Tolstoy began writing the story when on a trip to Dijon with fellow writer Ivan Turgenev in March, 1857. The story is partly autobiographical, inspired by a talented but drunken violinist named Rudolph, whom Tolstoy befriended in 1848 and had let live at Yasnaya Polyana for some time.

== Plot ==
At a ball hosted by Anna Ivánovna, the violinist Albert initially embarrasses himself by falling to the floor during a dance, though he impresses the party when he begins playing. One of the guests, Delesof, offers to let Albert live with him, despite Anna Ivánovna's advice against it.

The next evening, Albert disappears after dinner. Delesof orders his lackey, Zakhár, to find Albert, and to not give him drink or let him leave the house without Delesof's permission. When Zakhár returns with Albert, the latter demands more to drink, to which Delesof complies. Albert plays some violin, but quickly decides that he is too drunk to continue. They talk about the opera instead, Albert admitting that he cannot go any more because he is too poor. Denesof asks if he has ever been in love. Albert reveals that he once fell in love with a spectator, a famous aristocratic woman, while he was playing at the opera. He explains that he would sleep in her box in the theater, that he would have visions of talking to her and that he had once visited her home, something he admits was a mistake.

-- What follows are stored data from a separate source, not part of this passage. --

(* For every base $\mathcal{B}$ and ILL formula $\varphi$: if $\Vdash^{\varnothing}_{\mathcal{B}}\varphi$, then $\Vdash^{\varnothing}_{\mathcal{B}}!\varphi$.
   Context: Fix a set $\mathbb{A}$ of propositional atoms. ILL formulae: $\phi ::= p\in\mathbb{A} \mid \top \mid 0 \mid 1 \mid \phi\multimap\phi \mid \phi\otimes\phi \mid \phi\,\&\,\phi \mid \phi\oplus\phi \mid\ !\phi$. All multisets are finite; "$\Gamma,\Delta$" denotes multiset union. Atomic rules and bases: an atomic sequent is $P\Rightarrow p$ with $P$ a multiset of atoms, $p$ an atom. An atomic box is a multiset of atomic sequents. An atomic rule is a triple $\langle\mathbf{A},\mathbf{S},p\rangle$ with $\mathbf{A}$ a multiset of atomic boxes, $\mathbf{S}$ an atomic box, $p$ an atom. A base is a set of atomic rules. An atom $p$ is persistent in $\mathcal{B}$ if some $\langle\varnothing,\mathbf{S},p\rangle\in\mathcal{B}$ has $\mathbf{S}\neq\varnothing$. Derivability $\vdash_{\mathcal{B}}$: (Ref) $p\vdash_{\mathcal{B}}p$; (App) if $\langle\mathbf{A},\mathbf{S},p\rangle\in\mathcal{B}$ with $\mathbf{A}=\{\mathbf{T}_1,\dots,\mathbf{T}_m\}$, and there are atomic multisets $C_1,\dots,C_n$ ($n\ge m$) and a multiset $D=\{d_{m+1},\dots,d_n\}$ of atoms persistent in $\mathcal{B}$ such that $C_i,Q\vdash_{\mathcal{B}}q$ for every $i\le m$ and every $Q\Rightarrow q\in\mathbf{T}_i$, $C_j\vdash_{\mathcal{B}}d_j$ for every $m<j\le n$, and $D,U\vdash_{\mathcal{B}}v$ for every $U\Rightarrow v\in\mathbf{S}$, then $C_1,\dots,C_n\vdash_{\mathcal{B}}p$. Support $\Vdash^L_{\mathcal{B}}$ (base $\mathcal{B}$, atomic multiset $L$), by induction on formulae: $\Vdash^L_{\mathcal{B}}p$ iff $L\vdash_{\mathcal{B}}p$; $\Vdash^L_{\mathcal{B}}\varphi\multimap\psi$ iff $\varphi\Vdash^L_{\mathcal{B}}\psi$; $\Vdash^L_{\mathcal{B}}\varphi\otimes\psi$ iff for all $\mathcal{C}\supseteq\mathcal{B}$, atomic $K$, atoms $p$: if $\varphi,\psi\Vdash^K_{\mathcal{C}}p$ then $\Vdash^{L,K}_{\mathcal{C}}p$; $\Vdash^L_{\mathcal{B}}1$ iff for all $\mathcal{C}\supseteq\mathcal{B}$, $K$, $p$: if $\Vdash^K_{\mathcal{C}}p$ then $\Vdash^{L,K}_{\mathcal{C}}p$; $\Vdash^L_{\mathcal{B}}\varphi\&\psi$ iff $\Vdash^L_{\mathcal{B}}\varphi$ and $\Vdash^L_{\mathcal{B}}\psi$; $\Vdash^L_{\mathcal{B}}\varphi\oplus\psi$ iff for all $\mathcal{C}\supseteq\mathcal{B}$, $K$, $p$: if $\varphi\Vdash^K_{\mathcal{C}}p$ and $\psi\Vdash^K_{\mathcal{C}}p$ then $\Vdash^{L,K}_{\mathcal{C}}p$; $\Vdash^L_{\mathcal{B}}0$ iff $\Vdash^{L,K}_{\mathcal{B}}p$ for all atoms $p$ and atomic $K$; $\Vdash^L_{\mathcal{B}}\top$ always; $\Vdash^L_{\mathcal{B}}!\varphi$ iff for all $\mathcal{C}\supseteq\mathcal{B}$, $K$, $p$: if (for all $\mathcal{D}\supseteq\mathcal{C}$, $\Vdash^{\varnothing}_{\mathcal{D}}\varphi$ implies $\Vdash^K_{\mathcal{D}}p$) then $\Vdash^{L,K}_{\mathcal{C}}p$. For nonempty multisets: $\Vdash^L_{\mathcal{B}}\Gamma,\Delta$ iff $L=K,M$ with $\Vdash^K_{\mathcal{B}}\Gamma$ and $\Vdash^M_{\mathcal{B}}\Delta$. For a nonempty antecedent written $!\Delta,\Theta$, where $!\Delta$ collects the formulae with top-level connective $!$ (with $\Delta$ the formulae under those $!$) and $\Theta$ contains none: $!\Delta,\Theta\Vdash^L_{\mathcal{B}}\varphi$ iff for all $\mathcal{C}\supseteq\mathcal{B}$ and atomic $K$, if $\Vdash^{\varnothing}_{\mathcal{C}}\delta$ for every $\delta\in\Delta$ and $\Vdash^K_{\mathcal{C}}\Theta$ then $\Vdash^{L,K}_{\mathcal{C}}\varphi$ (when $\Theta$ is empty, $K$ is empty). An empty antecedent: $\varnothing\Vdash^L_{\mathcal{B}}\varphi$ means $\Vdash^L_{\mathcal{B}}\varphi$. *)

theory Defs
  imports Main "HOL-Library.Multiset"
begin

datatype 'a ill =
    Atom 'a
  | Top
  | Zero
  | One
  | Lolli "'a ill" "'a ill"
  | Tensor "'a ill" "'a ill"
  | With "'a ill" "'a ill"
  | Plus "'a ill" "'a ill"
  | Bang "'a ill"

type_synonym 'a atseq = "'a multiset \<times> 'a"
type_synonym 'a atbox = "'a atseq multiset"
type_synonym 'a atrule = "'a atbox multiset \<times> 'a atbox \<times> 'a"
type_synonym 'a base = "'a atrule set"

definition persistent :: "'a base \<Rightarrow> 'a \<Rightarrow> bool" where
  "persistent B p \<longleftrightarrow> (\<exists>S. ({#}, S, p) \<in> B \<and> S \<noteq> {#})"

text \<open>Derivability. In (App) the boxes T_1..T_m of A are listed as Ts (mset Ts = A),
  the multisets C_1..C_n as Cs, and the persistent atoms d_{m+1}..d_n as ds.\<close>

inductive derives :: "'a base \<Rightarrow> 'a multiset \<Rightarrow> 'a \<Rightarrow> bool" where
  Ref: "derives B {#p#} p"
| App: "\<lbrakk> (A, S, p) \<in> B;
          mset Ts = A;
          length Ts \<le> length Cs;
          length ds = length Cs - length Ts;
          \<forall>d\<in>set ds. persistent B d;
          \<forall>i<length Ts. \<forall>Qq\<in>set_mset (Ts ! i). derives B (Cs ! i + fst Qq) (snd Qq);
          \<forall>j. length Ts \<le> j \<and> j < length Cs \<longrightarrow> derives B (Cs ! j) (ds ! (j - length Ts));
          \<forall>Uv\<in>set_mset S. derives B (mset ds + fst Uv) (snd Uv) \<rbrakk>
        \<Longrightarrow> derives B (sum_list Cs) p"

text \<open>In antecedents, a formula !\<delta> contributes the requirement that \<delta> is supported
  with the empty multiset (and takes none of the context K); any other formula \<theta>
  takes its share of K and must be supported by it.\<close>

fun support :: "'a base \<Rightarrow> 'a multiset \<Rightarrow> 'a ill \<Rightarrow> bool" where
  "support B L (Atom p) = derives B L p"
| "support B L (Lolli \<phi> \<psi>) =
     (\<forall>C K. B \<subseteq> C \<longrightarrow>
        (case \<phi> of Bang \<delta> \<Rightarrow> K = {#} \<and> support C {#} \<delta> | _ \<Rightarrow> support C K \<phi>)
        \<longrightarrow> support C (L + K) \<psi>)"
| "support B L (Tensor \<phi> \<psi>) =
     (\<forall>C K p. B \<subseteq> C \<longrightarrow>
        (\<forall>D K'. C \<subseteq> D \<longrightarrow>
           (\<exists>K1 K2. K' = K1 + K2
              \<and> (case \<phi> of Bang \<delta> \<Rightarrow> K1 = {#} \<and> support D {#} \<delta> | _ \<Rightarrow> support D K1 \<phi>)
              \<and> (case \<psi> of Bang \<delta> \<Rightarrow> K2 = {#} \<and> support D {#} \<delta> | _ \<Rightarrow> support D K2 \<psi>))
           \<longrightarrow> derives D (K + K') p)
        \<longrightarrow> derives C (L + K) p)"
| "support B L One =
     (\<forall>C K p. B \<subseteq> C \<longrightarrow> derives C K p \<longrightarrow> derives C (L + K) p)"
| "support B L (With \<phi> \<psi>) = (support B L \<phi> \<and> support B L \<psi>)"
| "support B L (Plus \<phi> \<psi>) =
     (\<forall>C K p. B \<subseteq> C \<longrightarrow>
        (\<forall>D K'. C \<subseteq> D \<longrightarrow>
           (case \<phi> of Bang \<delta> \<Rightarrow> K' = {#} \<and> support D {#} \<delta> | _ \<Rightarrow> support D K' \<phi>)
           \<longrightarrow> derives D (K + K') p)
        \<longrightarrow> (\<forall>D K'. C \<subseteq> D \<longrightarrow>
           (case \<psi> of Bang \<delta> \<Rightarrow> K' = {#} \<and> support D {#} \<delta> | _ \<Rightarrow> support D K' \<psi>)
           \<longrightarrow> derives D (K + K') p)
        \<longrightarrow> derives C (L + K) p)"
| "support B L Zero = (\<forall>K p. derives B (L + K) p)"
| "support B L Top = True"
| "support B L (Bang \<phi>) =
     (\<forall>C K p. B \<subseteq> C \<longrightarrow>
        (\<forall>D. C \<subseteq> D \<longrightarrow> support D {#} \<phi> \<longrightarrow> derives D K p)
        \<longrightarrow> derives C (L + K) p)"

end

theory Submission
  imports Defs
begin

text \<open>Support is monotone under extension of the base. Hence, if \<phi> is supported in \<B>,
  any hypothesis of the clause for !\<phi> at an extension \<C> of \<B> may be instantiated at
  \<C> itself, which yields the required derivation.\<close>

lemma persistent_mono: "persistent B p \<Longrightarrow> B \<subseteq> C \<Longrightarrow> persistent C p"
  unfolding persistent_def by blast

lemma derives_mono: "derives B L p \<Longrightarrow> B \<subseteq> C \<Longrightarrow> derives C L p"
proof (induction rule: derives.induct)
  case (Ref B p)
  show ?case by (rule derives.Ref)
next
  case (App A S p B Ts Cs ds)
  then show ?case
    by (intro derives.App[where Ts = Ts and ds = ds]) (auto intro: persistent_mono)
qed

lemma support_mono: "support B L \<phi> \<Longrightarrow> B \<subseteq> C \<Longrightarrow> support C L \<phi>"
proof (induction \<phi> arbitrary: L)
  case (Atom p)
  then show ?case by (simp add: derives_mono)
next
  case Zero
  then show ?case by (auto intro: derives_mono)
next
  case (With \<phi> \<psi>)
  then show ?case by simp
  \<comment> \<open>every remaining clause other than \<top> quantifies over all extensions of the base\<close>
qed (simp_all only: support.simps, (meson order_trans)+)

theorem corollary1:
  fixes B :: "'a base" and \<phi> :: "'a ill"
  assumes "support B {#} \<phi>"
  shows "support B {#} (Bang \<phi>)"
proof -
  have "derives C K p"
    if "B \<subseteq> C" and "\<forall>D. C \<subseteq> D \<longrightarrow> support D {#} \<phi> \<longrightarrow> derives D K p" for C K p
    using that support_mono[OF assms] by blast
  then show ?thesis by simp
qed

end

The next few days, Albert keeps demanding alcohol and refuses to play, to the great annoyance of his host. One night, Delesof is awoken by a commotion in the anteroom, where he finds Zakhár blocking the door as Albert declares that he is being detained and will go to the police. Zakhár explains that Albert had stolen and drank a whole decanter of vodka. Delesof decides to let Albert go. As Zákhar escorts him out, Albert keeps shouting that he will call for the police and that the two have been trying to murder him.

Albert wanders the streets in the night, not feeling the cold thanks to the alcohol. He enters a church, where he finds a group of people – including Delesof and Albert's old friend Petrof – discussing him. Delesof declares Albert a harmful drunk, Petrof defends him as "better and happier than all the rest of you." Albert tries to approach Petrof, who fails to recognise him and angrily dismisses him. Back on the streets, he decides to go to Anna Ivánovna's, but there he is told that they have been forbidden to let him in. Albert returns to the church, which is now empty. He finds a glass violin which he plays by rubbing it to his breast. When he is finished playing, he feels a woman's hand on his shoulders, and turns to find the lady from the opera. She takes him in her arms and carries him out of the church.

The next morning, two guests exit Anna Ivánovna's rooms to find Albert lying on the threshold, unconscious. They bring him in, as Albert mutters "Oh! I am alive, why do you bury me?"

== Publication and reception ==
"Albert" was published in Sovremennik (The Contemporary) in August 1858. The editor, Nikolay Nekrasov, was hesitant to publish it, complaing in of the "tendentiousness and banality" of the story. Nekrasov's reaction to the story ultimately led to Tolstoy's break with Sovremennik.

On publication, reception was generally negative. Knowles writes of "Albert" and "Lucerne", published one year earlier, that they "prove[d] to many people that their belief in Tolstoy’s early high promise had been unjustified."